Bill encendió la cerilla. A su luz, todos vieron aquella cosa verde e hinchada que había sido Patrick Hockstetter. El cadáver les sonreía en la oscuridad con hórrida camaradería, pero sólo tenía media cara; las ratas de la cloaca se habían llevado el resto. Lo rodeaban los libros del curso de verano, hinchados por la humedad hasta parecer diccionarios.
—Cielos —dijo Mike, ronco, desorbitado.
—Los oigo otra vez —dijo Beverly—. A Henry y a los otros.
La acústica debió llevar su voz hasta ellos, porque Henry vociferó en las cloacas y por un momento fue como si los tuvieran allí mismo.
—Os vamos a coger…
—¡Ya podéis venir! —gritó Richie, con un destello febril en los ojos—. ¡Sigue adelante, talón de plátano! ¡Esta piscina parece la de la Asociación Cristiana de Jóvenes! Sigue…
Un alarido llegó por la tubería, tan lleno de loco terror y de tormento que a Bill se le cayó la cerilla. El brazo de Eddie se enroscó a él y él lo abrazó a su vez, sintiéndolo temblar como un cable. Stan Uris se apretó a él por el lado opuesto. Ese alarido seguía y seguía. Por fin se oyó un ruido obsceno, denso, como una bofetada, y el grito se cortó.

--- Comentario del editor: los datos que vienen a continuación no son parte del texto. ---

lemma mult_le_balanced_split:
  fixes a b n :: nat
  assumes "a + b = n"
  shows "a * b \<le> (n + 1) div 2 * (n div 2)"
proof -
  have le: "a * b \<le> (n + 1) div 2 * (n div 2)" if "a + b = n" "a \<le> b" for a b
  proof -
    have "0 \<le> (int (n div 2) - int a) * (int ((n + 1) div 2) - int a)"
      using balanced_split_gap(1)[OF that] by (intro mult_nonneg_nonneg) linarith+
    then show ?thesis using balanced_split_gap(2)[OF that] by linarith
  qed
  show ?thesis using le[of a b] le[of b a] assms by (cases "a \<le> b") (simp_all add: mult.commute)
qed

lemma mult_eq_balanced_split_iff:
  fixes a b n :: nat
  assumes "a + b = n"
  shows "a * b = (n + 1) div 2 * (n div 2) \<longleftrightarrow> a = n div 2 \<or> b = n div 2"
proof -
  have eq: "a * b = (n + 1) div 2 * (n div 2) \<longleftrightarrow> a = n div 2"
    if "a + b = n" "a \<le> b" for a b
  proof -
    have "a * b = (n + 1) div 2 * (n div 2) \<longleftrightarrow>
          (int (n div 2) - int a) * (int ((n + 1) div 2) - int a) = 0"
      unfolding balanced_split_gap(2)[OF that, symmetric] by linarith
    also have "\<dots> \<longleftrightarrow> a = n div 2"
      using balanced_split_gap(1)[OF that] by auto
    finally show ?thesis .
  qed
  show ?thesis
    using eq[of a b] eq[of b a] assms by (cases "a \<le> b") (auto simp: mult.commute)
qed

lemma mult_diff_ratio_le:
  fixes m p n :: real
  assumes "0 < p" "0 \<le> m" "m \<le> p" "4 \<le> n"
  shows "m * (n - 2 * m / p) \<le> p * (n - 2)"
    and "m < p \<Longrightarrow> m * (n - 2 * m / p) < p * (n - 2)"
proof -
  have gap: "p * (n - 2) - m * (n - 2 * m / p) = (p - m) * (p * n - 2 * p - 2 * m) / p"
    using assms(1) by (simp add: field_simps)
  have "p * 4 \<le> p * n" using assms by simp
  then have factor: "0 \<le> p * n - 2 * p - 2 * m" using assms by linarith
  have "0 \<le> (p - m) * (p * n - 2 * p - 2 * m) / p"
    using factor assms by (intro divide_nonneg_pos mult_nonneg_nonneg) auto
  then show "m * (n - 2 * m / p) \<le> p * (n - 2)" using gap by linarith
  assume "m < p"
  then have "0 < p * n - 2 * p - 2 * m" using \<open>p * 4 \<le> p * n\<close> by linarith
  then have "0 < (p - m) * (p * n - 2 * p - 2 * m) / p"
    using \<open>m < p\<close> assms(1) by (intro divide_pos_pos mult_pos_pos) auto
  then show "m * (n - 2 * m / p) < p * (n - 2)" using gap by linarith
qed
(* Let $X$ be a compact metric space and let $f\colon X\to X$ be a homeomorphism such that the restriction $f|_{\Omega(f)}\colon \Omega(f)\to\Omega(f)$ has the pseudo-orbit tracing property. If $f$ has a positively expansive measure, then $f$ has positive topological entropy, i.e. $h(f)>0$.
   Context: For a homeomorphism $g\colon Y\to Y$ of a metric space $(Y,d)$: given $\delta\ge 0$, a bi-infinite sequence $(x_i)_{i\in\mathbb{Z}}$ in $Y$ is a $\delta$-pseudo-orbit if $d(g(x_i),x_{i+1})\le\delta$ for all $i\in\mathbb{Z}$; it is $\epsilon$-shadowed if there is $x\in Y$ with $d(g^i(x),x_i)\le\epsilon$ for all $i\in\mathbb{Z}$. $g$ has the pseudo-orbit tracing property (POTP) if for every $\epsilon>0$ there is $\delta>0$ such that every $\delta$-pseudo-orbit of $g$ can be $\epsilon$-shadowed. The nonwandering set $\Omega(f)$ is the set of $x\in X$ such that for every neighborhood $U$ of $x$ there is $n\ge 1$ with $f^n(U)\cap U\ne\emptyset$; it is compact and $f(\Omega(f))=\Omega(f)$. For $x\in X$ and $\delta\ge0$ let $\Phi_\delta(x)=\{y\in X: d(f^i(x),f^i(y))\le\delta \text{ for all } i\in\mathbb{N}=\{0,1,2,\dots\}\}$. A (not necessarily invariant) Borel probability measure $\mu$ on $X$ is positively expansive if there is $e>0$ (an expansivity constant) such that $\mu(\Phi_e(x))=0$ for every $x\in X$. $h(f)$ denotes the topological entropy of $f$. *)

theory Defs
  imports "HOL-Probability.Probability"
begin

definition zit :: "'a set \<Rightarrow> ('a \<Rightarrow> 'a) \<Rightarrow> int \<Rightarrow> 'a \<Rightarrow> 'a" where
  "zit Y g i x = (if 0 \<le> i then (g ^^ nat i) x else (inv_into Y g ^^ nat (- i)) x)"

definition pseudo_orbit :: "'a set \<Rightarrow> ('a \<Rightarrow> 'a) \<Rightarrow> real \<Rightarrow> (int \<Rightarrow> 'a::metric_space) \<Rightarrow> bool" where
  "pseudo_orbit Y g \<delta> xs \<longleftrightarrow> (\<forall>i. xs i \<in> Y) \<and> (\<forall>i. dist (g (xs i)) (xs (i + 1)) \<le> \<delta>)"

definition shadowed :: "'a set \<Rightarrow> ('a \<Rightarrow> 'a) \<Rightarrow> real \<Rightarrow> (int \<Rightarrow> 'a::metric_space) \<Rightarrow> bool" where
  "shadowed Y g \<epsilon> xs \<longleftrightarrow> (\<exists>x\<in>Y. \<forall>i. dist (zit Y g i x) (xs i) \<le> \<epsilon>)"

definition POTP :: "'a::metric_space set \<Rightarrow> ('a \<Rightarrow> 'a) \<Rightarrow> bool" where
  "POTP Y g \<longleftrightarrow> (\<forall>\<epsilon>>0. \<exists>\<delta>>0. \<forall>xs. pseudo_orbit Y g \<delta> xs \<longrightarrow> shadowed Y g \<epsilon> xs)"

definition nonwandering :: "'a::metric_space set \<Rightarrow> ('a \<Rightarrow> 'a) \<Rightarrow> 'a set" where
  "nonwandering X f = {x \<in> X. \<forall>U. openin (top_of_set X) U \<and> x \<in> U \<longrightarrow>
      (\<exists>n\<ge>1. (f ^^ n) ` U \<inter> U \<noteq> {})}"

definition Phi :: "'a::metric_space set \<Rightarrow> ('a \<Rightarrow> 'a) \<Rightarrow> real \<Rightarrow> 'a \<Rightarrow> 'a set" where
  "Phi X f \<delta> x = {y \<in> X. \<forall>i::nat. dist ((f ^^ i) x) ((f ^^ i) y) \<le> \<delta>}"

text \<open>Borel probability measure on X (not necessarily invariant) which is positively expansive.\<close>
definition pos_expansive_measure :: "'a::metric_space set \<Rightarrow> ('a \<Rightarrow> 'a) \<Rightarrow> 'a measure \<Rightarrow> bool" where
  "pos_expansive_measure X f M \<longleftrightarrow>
     prob_space M \<and> sets M = sets (restrict_space borel X) \<and>
     (\<exists>e>0. \<forall>x\<in>X. emeasure M (Phi X f e x) = 0)"

definition separated :: "'a::metric_space set \<Rightarrow> ('a \<Rightarrow> 'a) \<Rightarrow> nat \<Rightarrow> real \<Rightarrow> 'a set \<Rightarrow> bool" where
  "separated X f n \<epsilon> E \<longleftrightarrow> E \<subseteq> X \<and>
     (\<forall>x\<in>E. \<forall>y\<in>E. x \<noteq> y \<longrightarrow> (\<exists>i<n. dist ((f ^^ i) x) ((f ^^ i) y) > \<epsilon>))"

definition max_sep :: "'a::metric_space set \<Rightarrow> ('a \<Rightarrow> 'a) \<Rightarrow> nat \<Rightarrow> real \<Rightarrow> ereal" where
  "max_sep X f n \<epsilon> = (SUP E \<in> {E. finite E \<and> separated X f n \<epsilon> E}. ereal (real (card E)))"

definition top_entropy :: "'a::metric_space set \<Rightarrow> ('a \<Rightarrow> 'a) \<Rightarrow> ereal" where
  "top_entropy X f = (SUP \<epsilon>\<in>{0<..}. limsup (\<lambda>n. ln (real_of_ereal (max_sep X f n \<epsilon>)) / real n))"

end

theory Submission
  imports Defs
begin

text \<open>
  Let \<open>e\<close> be an expansivity constant of the measure and \<open>\<delta>\<close> a shadowing constant of
  \<open>f\<close> on \<open>\<Omega>(f)\<close> for \<open>e/4\<close>. Every orbit eventually stays close to \<open>\<Omega>(f)\<close> and returns
  infinitely often to one of finitely many small balls; the points sorted by that ball and
  by the time from which both happen form countably many measurable pieces covering \<open>X\<close>, so
  one piece, and a small ball inside it, has positive measure. By positive expansivity it
  contains two points \<open>x, y\<close> whose orbits are \<open>e\<close>-apart at some time \<open>m\<close>, necessarily
  after the time \<open>T\<close> of the piece. Projecting the orbit segments of \<open>x\<close> and \<open>y\<close> from \<open>T\<close>
  up to a later return into the ball onto \<open>\<Omega>(f)\<close> gives two periodic \<open>\<delta>\<close>-pseudo-orbits in
  \<open>\<Omega>(f)\<close> with a common base point that are more than \<open>3e/4\<close> apart at time \<open>m\<close>. Following
  one or the other loop in each of \<open>K\<close> blocks of length \<open>La \<cdot> Lb\<close> gives \<open>2^K\<close> pseudo-orbits
  whose shadows are \<open>(K La Lb, e/4)\<close>-separated, so \<open>h(f) \<ge> ln 2 / (La Lb) > 0\<close>.
\<close>

section \<open>Iterates and the nonwandering set\<close>

lemma funpow_in:
  assumes "f ` X \<subseteq> X" "x \<in> X" shows "(f ^^ n) x \<in> X"
  using assms by (induction n) auto

lemma continuous_on_funpow:
  assumes "continuous_on X f" "f ` X \<subseteq> X" shows "continuous_on X (f ^^ n)"
proof (induction n)
  case (Suc n)
  have "(f ^^ n) ` X \<subseteq> X" using funpow_in[OF assms(2)] by blast
  then show ?case
    using continuous_on_compose[OF Suc continuous_on_subset[OF assms(1)]] by simp
qed simp

lemma iterates_uniformly_close:
  assumes "compact X" "continuous_on X f" "f ` X \<subseteq> X" "\<eta> > 0"
  shows "\<exists>\<rho>>0. \<forall>u\<in>X. \<forall>v\<in>X. dist u v < \<rho> \<longrightarrow> (\<forall>i\<le>T. dist ((f ^^ i) u) ((f ^^ i) v) < \<eta>)"
proof (induction T)
  case 0
  show ?case using \<open>\<eta> > 0\<close> by auto
next
  case (Suc T)
  then obtain \<rho> where \<rho>: "\<rho> > 0"
    "\<forall>u\<in>X. \<forall>v\<in>X. dist u v < \<rho> \<longrightarrow> (\<forall>i\<le>T. dist ((f ^^ i) u) ((f ^^ i) v) < \<eta>)"
    by blast
  have "uniformly_continuous_on X (f ^^ Suc T)"
    using compact_uniformly_continuous[OF continuous_on_funpow[OF assms(2,3)] assms(1)] .
  then obtain \<rho>' where \<rho>': "\<rho>' > 0"
    "\<forall>u\<in>X. \<forall>v\<in>X. dist v u < \<rho>' \<longrightarrow> dist ((f ^^ Suc T) v) ((f ^^ Suc T) u) < \<eta>"
    unfolding uniformly_continuous_on_def using \<open>\<eta> > 0\<close> by metis
  have "\<forall>u\<in>X. \<forall>v\<in>X. dist u v < min \<rho> \<rho>' \<longrightarrow> (\<forall>i\<le>Suc T. dist ((f ^^ i) u) ((f ^^ i) v) < \<eta>)"
    using \<rho>(2) \<rho>'(2) by (auto simp: le_Suc_eq dist_commute)
  then show ?case using \<rho>(1) \<rho>'(1) by (intro exI[of _ "min \<rho> \<rho>'"]) simp
qed

lemma wandering_set_visited_finitely:
  assumes "\<forall>n\<ge>1. (f ^^ n) ` U \<inter> U = {}"
  shows "finite {n. (f ^^ n) u \<in> U}"
proof -
  have not_less: "\<not> a < b" if "(f ^^ a) u \<in> U" "(f ^^ b) u \<in> U" for a b
  proof
    assume "a < b"
    then have "(f ^^ (b - a)) ((f ^^ a) u) = (f ^^ b) u"
      by (metis comp_apply funpow_add le_add_diff_inverse2 less_imp_le)
    then have "(f ^^ b) u \<in> (f ^^ (b - a)) ` U \<inter> U"
      using that by (metis IntI image_eqI)
    moreover have "(f ^^ (b - a)) ` U \<inter> U = {}"
      using assms \<open>a < b\<close> by simp
    ultimately show False by simp
  qed
  show ?thesis
  proof (cases "\<exists>a. (f ^^ a) u \<in> U")
    case True
    then obtain a where a: "(f ^^ a) u \<in> U" by blast
    have "{n. (f ^^ n) u \<in> U} \<subseteq> {a}"
    proof
      fix n assume "n \<in> {n. (f ^^ n) u \<in> U}"
      then have "\<not> a < n" "\<not> n < a" using not_less a by auto
      then show "n \<in> {a}" by simp
    qed
    then show ?thesis by (rule finite_subset) simp
  qed simp
qed

lemma orbit_eventually_near_nonwandering:
  assumes "compact X" "f ` X \<subseteq> X" "\<eta> > 0" "u \<in> X"
  shows "\<exists>T. \<forall>n\<ge>T. (f ^^ n) u \<in> (\<Union>p\<in>nonwandering X f. ball p \<eta>)"
proof -
  define K where "K = X - (\<Union>p\<in>nonwandering X f. ball p \<eta>)"
  define \<W> where "\<W> = {V. open V \<and> (\<forall>n\<ge>1. (f ^^ n) ` (X \<inter> V) \<inter> (X \<inter> V) = {})}"
  have cover: "K \<subseteq> \<Union>\<W>"
  proof
    fix z assume z: "z \<in> K"
    have "z \<notin> nonwandering X f"
    proof
      assume "z \<in> nonwandering X f"
      then show False using z \<open>\<eta> > 0\<close> unfolding K_def by (auto intro!: bexI[of _ z])
    qed
    then have "\<not> (\<forall>U. openin (top_of_set X) U \<and> z \<in> U \<longrightarrow> (\<exists>n\<ge>1. (f ^^ n) ` U \<inter> U \<noteq> {}))"
      using z unfolding K_def nonwandering_def by simp
    then obtain U where U: "openin (top_of_set X) U" "z \<in> U" "\<forall>n\<ge>1. (f ^^ n) ` U \<inter> U = {}"
      by blast
    then obtain V where V: "open V" "U = X \<inter> V" by (auto simp: openin_open)
    then have "V \<in> \<W>" using U unfolding \<W>_def by auto
    then show "z \<in> \<Union>\<W>" using U V by auto
  qed
  have "compact K"
    unfolding K_def using \<open>compact X\<close> by (intro compact_diff) auto
  then obtain \<F> where \<F>: "\<F> \<subseteq> \<W>" "finite \<F>" "K \<subseteq> \<Union>\<F>"
    using compactE[OF _ cover] unfolding \<W>_def by blast
  have "K \<subseteq> X" unfolding K_def by blast
  then have "{n. (f ^^ n) u \<in> K} \<subseteq> (\<Union>V\<in>\<F>. {n. (f ^^ n) u \<in> X \<inter> V})"
    using \<F>(3) by blast
  moreover have "finite {n. (f ^^ n) u \<in> X \<inter> V}" if "V \<in> \<F>" for V
    using that \<F>(1) unfolding \<W>_def by (intro wandering_set_visited_finitely) auto
  ultimately have "finite {n. (f ^^ n) u \<in> K}"
    using \<F>(2) by (meson finite_UN_I finite_subset)
  then obtain T where T: "\<forall>n\<in>{n. (f ^^ n) u \<in> K}. n < T"
    unfolding finite_nat_set_iff_bounded by blast
  have "(f ^^ n) u \<in> (\<Union>p\<in>nonwandering X f. ball p \<eta>)" if "T \<le> n" for n
    using T that funpow_in[OF assms(2,4), of n] unfolding K_def by force
  then show ?thesis by blast
qed

section \<open>Separated sets and entropy\<close>

lemma separated_card_bounded:
  assumes "compact X" "continuous_on X f" "f ` X \<subseteq> X" "\<epsilon> > 0"
  shows "\<exists>B. \<forall>E. finite E \<and> separated X f n \<epsilon> E \<longrightarrow> card E \<le> B"
proof -
  obtain \<rho> where \<rho>: "\<rho> > 0"
    "\<forall>u\<in>X. \<forall>v\<in>X. dist u v < \<rho> \<longrightarrow> (\<forall>i\<le>n. dist ((f ^^ i) u) ((f ^^ i) v) < \<epsilon>)"
    using iterates_uniformly_close[OF assms] by blast
  obtain C where C: "finite C" "X \<subseteq> (\<Union>c\<in>C. ball c (\<rho>/2))"
    using seq_compact_imp_totally_bounded[OF compact_imp_seq_compact[OF assms(1)]] \<rho>(1)
    by (meson half_gt_zero)
  have "card E \<le> card C" if E: "finite E" "separated X f n \<epsilon> E" for E
  proof -
    have EX: "E \<subseteq> X" using E(2) unfolding separated_def by blast
    then have "\<forall>x\<in>E. \<exists>c. c \<in> C \<and> x \<in> ball c (\<rho>/2)" using C(2) by blast
    then obtain g where g: "\<And>x. x \<in> E \<Longrightarrow> g x \<in> C \<and> x \<in> ball (g x) (\<rho>/2)"
      by metis
    have "inj_on g E"
    proof (rule inj_onI, rule ccontr)
      fix x y assume xy: "x \<in> E" "y \<in> E" "g x = g y" "x \<noteq> y"
      have "dist x y < \<rho>"
        using g[OF xy(1)] g[OF xy(2)] xy(3) by (metis dist_commute dist_triangle_half_l mem_ball)
      then have close: "\<forall>i\<le>n. dist ((f ^^ i) x) ((f ^^ i) y) < \<epsilon>" using \<rho>(2) xy EX by blast
      obtain i where "i < n" "dist ((f ^^ i) x) ((f ^^ i) y) > \<epsilon>"
        using E(2) xy unfolding separated_def by blast
      moreover have "dist ((f ^^ i) x) ((f ^^ i) y) < \<epsilon>" using close \<open>i < n\<close> by simp
      ultimately show False by linarith
    qed
    then show ?thesis using g C(1) by (intro card_inj_on_le) auto
  qed
  then show ?thesis by blast
qed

—Algo se ha apoderado de uno de ellos —jadeó Mike, horrorizado—. Algo… algún monstruo. Bill, tenemos que salir de aquí…, por favor…
Bill oyó que los restantes (uno o dos; con esa acústica era imposible determinarlo) avanzaban a tropezones por la tubería, hacia ellos.
—¿P-p-por d-dónde, E-Eddie? —preguntó, apresurado—. ¿Sa-sa-sabes?